Print

Print


One thing to keep in mind is that there's usually a trade-off between 
setup (writing and testing) and execution time.  For one-off data 
processing, I'd focus on implementation speed rather than execution 
speed (in other words, FORTRAN might not be ideal unless you're already 
fluent with it).

That said, I'd take a look at python, octave or R.  Python's relatively 
easy to learn, and more flexible than octave/R; but it doesn't have the 
built-in statistic functions that octave and R do.
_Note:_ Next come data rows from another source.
(* Let $k_1,k_2$ be nonnegative integers with $2k_1+k_2\ge 2$. Then for every integer $t$ with $1\le t\le k_1$ there exists a projective linear code $C$ over $\mathbb{Z}_4$ of type $4^{k_1}2^{k_2}$, length $n=2^{2k_1+k_2-1}-2^{2k_1+k_2-t-1}$ and minimum Lee distance $d_L=n$, having exactly two nonzero Lee weights $w_1=2^{2k_1+k_2-1}-2^{2k_1+k_2-t-1}$ and $w_2=2^{2k_1+k_2-1}$, with $A_{w_1}=2^{2k_1+k_2}-2^t$ and $A_{w_2}=2^t-1$.
   Context: A linear code of length $n$ over $\mathbb{Z}_4$ is a $\mathbb{Z}_4$-submodule of $\mathbb{Z}_4^n$; it has type $4^{k_1}2^{k_2}$ if it is isomorphic as a group to $\mathbb{Z}_4^{k_1}\times\mathbb{Z}_2^{k_2}$. The Lee weight on $\mathbb{Z}_4$ is $w_L(0)=0,w_L(1)=1,w_L(2)=2,w_L(3)=1$, extended additively to vectors; $d_L$ is the minimum Lee weight of a nonzero codeword. The dual $C^\perp$ is taken with respect to $\mathbf{x}\cdot\mathbf{y}=\sum x_iy_i\in\mathbb{Z}_4$, and $C$ is projective if $d_L(C^\perp)\ge3$. $A_w$ is the number of codewords of Lee weight $w$. *)

theory Defs
  imports Main
begin

text \<open>Elements of Z_4 are represented by the integers 0,1,2,3 (residues mod 4).
  A word of length n over Z_4 is a function nat => int with values in {0..3}
  on {0..<n} and value 0 outside {0..<n}.\<close>

definition z4_words :: "nat \<Rightarrow> (nat \<Rightarrow> int) set" where
  "z4_words n = {x. (\<forall>i<n. 0 \<le> x i \<and> x i < 4) \<and> (\<forall>i\<ge>n. x i = 0)}"

definition vadd4 :: "(nat \<Rightarrow> int) \<Rightarrow> (nat \<Rightarrow> int) \<Rightarrow> (nat \<Rightarrow> int)" where
  "vadd4 x y = (\<lambda>i. (x i + y i) mod 4)"

definition smult4 :: "int \<Rightarrow> (nat \<Rightarrow> int) \<Rightarrow> (nat \<Rightarrow> int)" where
  "smult4 a x = (\<lambda>i. (a * x i) mod 4)"

definition z4_linear_code :: "nat \<Rightarrow> (nat \<Rightarrow> int) set \<Rightarrow> bool" where
  "z4_linear_code n C \<longleftrightarrow> C \<subseteq> z4_words n \<and> (\<lambda>_. 0) \<in> C \<and>
     (\<forall>x\<in>C. \<forall>y\<in>C. vadd4 x y \<in> C) \<and>
     (\<forall>a::int. \<forall>x\<in>C. smult4 a x \<in> C)"

definition type_group :: "nat \<Rightarrow> nat \<Rightarrow> ((nat \<Rightarrow> int) \<times> (nat \<Rightarrow> int)) set" where
  "type_group k1 k2 =
     {(u, v). (\<forall>i<k1. 0 \<le> u i \<and> u i < 4) \<and> (\<forall>i\<ge>k1. u i = 0) \<and>
              (\<forall>i<k2. 0 \<le> v i \<and> v i < 2) \<and> (\<forall>i\<ge>k2. v i = 0)}"

definition type_add :: "((nat \<Rightarrow> int) \<times> (nat \<Rightarrow> int)) \<Rightarrow> ((nat \<Rightarrow> int) \<times> (nat \<Rightarrow> int))
    \<Rightarrow> ((nat \<Rightarrow> int) \<times> (nat \<Rightarrow> int))" where
  "type_add p q = ((\<lambda>i. (fst p i + fst q i) mod 4), (\<lambda>i. (snd p i + snd q i) mod 2))"

definition has_type :: "(nat \<Rightarrow> int) set \<Rightarrow> nat \<Rightarrow> nat \<Rightarrow> bool" where
  "has_type C k1 k2 \<longleftrightarrow> (\<exists>\<phi>. bij_betw \<phi> C (type_group k1 k2) \<and>
      (\<forall>x\<in>C. \<forall>y\<in>C. \<phi> (vadd4 x y) = type_add (\<phi> x) (\<phi> y)))"

definition lee :: "int \<Rightarrow> nat" where
  "lee a = (if a mod 4 = 0 then 0 else if a mod 4 = 2 then 2 else 1)"

definition lee_weight :: "nat \<Rightarrow> (nat \<Rightarrow> int) \<Rightarrow> nat" where
  "lee_weight n x = (\<Sum>i<n. lee (x i))"

definition min_lee :: "nat \<Rightarrow> (nat \<Rightarrow> int) set \<Rightarrow> nat" where
  "min_lee n C = Min (lee_weight n ` (C - {\<lambda>_. 0}))"

definition dual_code :: "nat \<Rightarrow> (nat \<Rightarrow> int) set \<Rightarrow> (nat \<Rightarrow> int) set" where
  "dual_code n C = {y \<in> z4_words n. \<forall>x\<in>C. (\<Sum>i<n. x i * y i) mod 4 = 0}"

text \<open>Projective: d_L(C^perp) >= 3, i.e. every nonzero dual codeword has Lee
  weight at least 3 (vacuous if the dual is zero).\<close>
definition projective :: "nat \<Rightarrow> (nat \<Rightarrow> int) set \<Rightarrow> bool" where
  "projective n C \<longleftrightarrow> (\<forall>y \<in> dual_code n C - {\<lambda>_. 0}. lee_weight n y \<ge> 3)"

definition weight_count :: "nat \<Rightarrow> (nat \<Rightarrow> int) set \<Rightarrow> nat \<Rightarrow> nat" where
  "weight_count n C w = card {x \<in> C. lee_weight n x = w}"

end

theory Submission
  imports Defs "HOL-Number_Theory.Cong" "HOL-Library.FuncSet"
begin

(*
  The code is the image of the encoding g |-> (<c, g>)_(c in S) of G = Z_4^k1 x Z_2^k2, where
  <c, g> = sum c_i g_i + 2 sum c'_i g'_i in Z_4 and the set S of columns contains one element
  of each pair +-c of elements of G having an odd entry among the first t Z_4-coordinates.
  Summing over T = S u -S doubles Lee weights, since <-c, g> = -<c, g>.  Let E be the subgroup
  of elements whose first t coordinates are even, so that T = G - E.  If <h, g> = 2 for some h
  in E, translation by h permutes T and adds 2 to every <c, g>; as lee y + lee (y + 2) = 2, the
  weight of the codeword of g is |T|/2 = |S|.  Otherwise g lies in the annihilator H of E, of
  order 2^t; then <c, g> vanishes on E, and the same translation argument on all of G, now
  with a unit vector h, gives the weight |G|/2.  The code is projective because every column
  has an entry 1, which excludes dual words of weight 1, and because by nondegeneracy of the
  pairing no two columns differ by a unit factor, which excludes dual words of weight 2.
*)

section \<open>Arithmetic modulo 4 and the Lee weight\<close>

lemma lee_cong: "[x = y] (mod 4) \<Longrightarrow> lee x = lee y"
  by (simp add: lee_def cong_def)

lemma lee_mod_4 [simp]: "lee (x mod 4) = lee x"
  by (simp add: lee_def)

lemma lee_uminus [simp]: "lee (- x) = lee x"
  unfolding lee_def by presburger

lemma lee_add_2: "lee x + lee (x + 2) = 2"
  unfolding lee_def by presburger

lemma lee_eq_0_iff: "lee x = 0 \<longleftrightarrow> [x = 0] (mod 4)"
  by (simp add: lee_def cong_def)

lemma lee_eq_1_iff: "lee x = 1 \<longleftrightarrow> odd x"
  unfolding lee_def by presburger

lemma even_int_cases_4: "0 \<le> x \<Longrightarrow> x < 4 \<Longrightarrow> even x \<longleftrightarrow> x = 0 \<or> (x::int) = 2"
  by presburger

lemma cong_solve_odd_mod_4:
  fixes a x y :: int
  assumes "odd a" and "[x * a + y = 0] (mod 4)"
  shows "[x = - a * y] (mod 4)"
proof -
  obtain k where "a = 2 * k + 1"
    using assms(1) oddE by blast
  then have "x + a * y = a * (x * a + y) - 4 * (x * (k * k + k))"
    by (simp add: algebra_simps)
  moreover have "4 dvd a * (x * a + y)"
    using assms(2) by (simp add: cong_0_iff)
  ultimately have "4 dvd x + a * y"
    by simp
  then show ?thesis
    by (simp add: cong_iff_dvd_diff)
qed

lemma sum_lee_shift_by_2:
  assumes "finite X" and \<sigma>: "bij_betw \<sigma> X X"
    and shift: "\<And>x. x \<in> X \<Longrightarrow> [f (\<sigma> x) = f x + 2] (mod 4)"
  shows "(\<Sum>x\<in>X. lee (f x)) = card X"
proof -
  have "(\<Sum>x\<in>X. lee (f x)) = (\<Sum>x\<in>X. lee (f (\<sigma> x)))"
    using sum.reindex_bij_betw[OF \<sigma>, of "\<lambda>x. lee (f x)"] by simp
  also have "\<dots> = (\<Sum>x\<in>X. lee (f x + 2))"
    using shift by (intro sum.cong lee_cong) auto
  finally have "2 * (\<Sum>x\<in>X. lee (f x)) = (\<Sum>x\<in>X. lee (f x) + lee (f x + 2))"
    by (simp add: sum.distrib)
  also have "\<dots> = 2 * card X"
    by (simp add: lee_add_2)
  finally show ?thesis by simp
qed

section \<open>The group \<open>\<int>\<^sub>4\<^sup>k\<^sup>1 \<times> \<int>\<^sub>2\<^sup>k\<^sup>2\<close>\<close>

definition funs_below :: "nat \<Rightarrow> (nat \<Rightarrow> 'a set) \<Rightarrow> (nat \<Rightarrow> 'a::zero) set" where
  "funs_below k V = {f. (\<forall>i<k. f i \<in> V i) \<and> (\<forall>i\<ge>k. f i = 0)}"

lemma card_funs_below:
  assumes "\<And>i. i < k \<Longrightarrow> finite (V i)"
  shows "card (funs_below k V) = (\<Prod>i<k. card (V i))"
proof -
  have "bij_betw (\<lambda>f. restrict f {..<k}) (funs_below k V) (\<Pi>\<^sub>E i\<in>{..<k}. V i)"
    by (rule bij_betw_byWitness[where f' = "\<lambda>g i. if i < k then g i else 0"])
      (auto simp: funs_below_def fun_eq_iff PiE_def extensional_def)
  then show ?thesis
    by (simp add: bij_betw_same_card card_PiE)
qed

lemma prod_lessThan_if_less:
  fixes a b :: "'a::comm_monoid_mult"
  assumes "t \<le> k"
  shows "(\<Prod>i<k. if i < t then a else b) = a ^ t * b ^ (k - t)"
proof -
  have "{..<k} \<inter> {i. i < t} = {..<t}" "{..<k} \<inter> - {i. i < t} = {t..<k}"
    using assms by auto
  then show ?thesis
    by (simp add: prod.If_cases)
qed

type_synonym z4z2 = "(nat \<Rightarrow> int) \<times> (nat \<Rightarrow> int)"

definition type_zero :: z4z2 where
  "type_zero = (\<lambda>_. 0, \<lambda>_. 0)"

definition type_scale :: "int \<Rightarrow> z4z2 \<Rightarrow> z4z2" where
  "type_scale r g = ((\<lambda>i. (r * fst g i) mod 4), (\<lambda>i. (r * snd g i) mod 2))"

definition type_unit4 :: "nat \<Rightarrow> z4z2" where
  "type_unit4 j = ((\<lambda>i. if i = j then 1 else 0), (\<lambda>_. 0))"

definition type_unit2 :: "nat \<Rightarrow> z4z2" where
  "type_unit2 j = ((\<lambda>_. 0), (\<lambda>i. if i = j then 1 else 0))"

lemma type_group_eq_funs_below:
  "type_group k1 k2 = funs_below k1 (\<lambda>_. {0..3}) \<times> funs_below k2 (\<lambda>_. {0..1})"
  by (auto simp: type_group_def funs_below_def)

lemma card_type_group: "card (type_group k1 k2) = 2 ^ (2 * k1 + k2)"
  by (simp add: type_group_eq_funs_below card_funs_below card_cartesian_product
      power_add power_mult)

lemma finite_type_group: "finite (type_group k1 k2)"
  using card_type_group by (metis card_ge_0_finite zero_less_numeral zero_less_power)

lemma type_group_fst_mod [simp]: "g \<in> type_group k1 k2 \<Longrightarrow> fst g i mod 4 = fst g i"
  by (cases "i < k1") (auto simp: type_group_def)

lemma type_group_snd_mod [simp]: "g \<in> type_group k1 k2 \<Longrightarrow> snd g i mod 2 = snd g i"
  by (cases "i < k2") (auto simp: type_group_def)

lemma type_group_eqI:
  assumes "g \<in> type_group k1 k2" "h \<in> type_group k1 k2"
    and "\<And>i. i < k1 \<Longrightarrow> [fst g i = fst h i] (mod 4)"
    and "\<And>i. i < k2 \<Longrightarrow> [snd g i = snd h i] (mod 2)"
  shows "g = h"
proof -
  have "fst g i = fst h i" "snd g i = snd h i" for i
    using assms by (cases "i < k1"; cases "i < k2"; auto simp: type_group_def cong_def)+
  then show ?thesis
    by (simp add: prod_eq_iff fun_eq_iff)
qed

lemma type_add_closed:
  "g \<in> type_group k1 k2 \<Longrightarrow> h \<in> type_group k1 k2 \<Longrightarrow> type_add g h \<in> type_group k1 k2"
  by (auto simp: type_group_def type_add_def)

lemma type_scale_closed: "g \<in> type_group k1 k2 \<Longrightarrow> type_scale r g \<in> type_group k1 k2"
  by (auto simp: type_group_def type_scale_def)

lemma type_zero_mem: "type_zero \<in> type_group k1 k2"
  by (simp add: type_group_def type_zero_def)

lemma type_unit4_mem: "j < k1 \<Longrightarrow> type_unit4 j \<in> type_group k1 k2"
  by (auto simp: type_group_def type_unit4_def)

lemma type_unit2_mem: "j < k2 \<Longrightarrow> type_unit2 j \<in> type_group k1 k2"
  by (auto simp: type_group_def type_unit2_def)

lemma type_add_right_cancel:
  assumes "g \<in> type_group k1 k2" "h \<in> type_group k1 k2" and "type_add g c = type_add h c"
  shows "g = h"
proof (rule type_group_eqI[OF assms(1,2)])
  fix i
  have "[fst g i + fst c i = fst h i + fst c i] (mod 4)" "[snd g i + snd c i = snd h i + snd c i] (mod 2)"
    using assms(3) by (auto simp: type_add_def cong_def dest!: fun_cong)
  then show "[fst g i = fst h i] (mod 4)" "[snd g i = snd h i] (mod 2)"
    by (simp_all add: cong_add_rcancel)
qed

lemma type_add_minus_eq_zero:
  assumes "g \<in> type_group k1 k2" "h \<in> type_group k1 k2"
    and "type_add g (type_scale (-1) h) = type_zero"
  shows "g = h"
proof (rule type_group_eqI[OF assms(1,2)])
  fix i
  have "(fst g i + (- fst h i) mod 4) mod 4 = 0" "(snd g i + (- snd h i) mod 2) mod 2 = 0"
    using arg_cong[OF assms(3), of "\<lambda>p. fst p i"] arg_cong[OF assms(3), of "\<lambda>p. snd p i"]
    by (simp_all add: type_add_def type_scale_def type_zero_def)
  then show "[fst g i = fst h i] (mod 4)" "[snd g i = snd h i] (mod 2)"
    unfolding cong_def by presburger+
qed

lemma type_scale_1: "g \<in> type_group k1 k2 \<Longrightarrow> type_scale 1 g = g"
  by (simp add: type_scale_def)

lemma type_scale_cong:
  assumes "[r = s] (mod 4)"
  shows "type_scale r g = type_scale s g"
proof -
  have "[r * x = s * x] (mod 4)" "[r * x = s * x] (mod 2)" for x
    using assms cong_dvd_modulus[OF assms, of 2] by (auto intro: cong_scalar_right)
  then show ?thesis
    by (simp add: type_scale_def fun_eq_iff cong_def)
qed

lemma type_scale_scale: "type_scale a (type_scale b g) = type_scale (a * b) g"
  by (simp add: type_scale_def fun_eq_iff mod_mult_right_eq mult.assoc)

section \<open>The pairing and the weights of the codewords\<close>

locale two_weight_code =
  fixes k1 k2 t :: nat
  assumes t_pos: "1 \<le> t" and t_le_k1: "t \<le> k1"
begin

abbreviation G :: "z4z2 set" where
  "G \<equiv> type_group k1 k2"

text \<open>The \<open>\<int>\<^sub>2\<close>-coordinates enter through the embedding \<open>x \<mapsto> 2x\<close> of \<open>\<int>\<^sub>2\<close> into \<open>\<int>\<^sub>4\<close>.\<close>

definition pairing :: "z4z2 \<Rightarrow> z4z2 \<Rightarrow> int" where
  "pairing c g = (\<Sum>i<k1. fst c i * fst g i) + 2 * (\<Sum>i<k2. snd c i * snd g i)"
One other tip which you've probably already though of - Depending on 
your runtimes (I don't think 100s MB of data is usually considered an 
enormous amount, but it'll depend on what you're doing) it may be worth 
getting things working on a small subset of the data first.

Pete

Jacob Keller wrote:
> Dear List,
> 
> since this probably comes up a lot in manipulation of pdb/reflection files
> and so on, I was curious what people thought would be the best language for
> the following: I have some huge (100s MB) tables of tab-delimited data on
> which I would like to do some math (averaging, sigmas, simple arithmetic,
> etc) as well as some sorting and rejecting. It can be done in Excel, but
> this is exceedingly slow even in 64-bit, so I am looking to do it through
> some scripting. Just as an example, a "sort" which takes >10 min in Excel
> takes ~10 sec max with the unix command sort (seems crazy, no?). Any
> suggestions?
> 
> Thanks, and sorry for being off-topic,
> 
> Jacob
>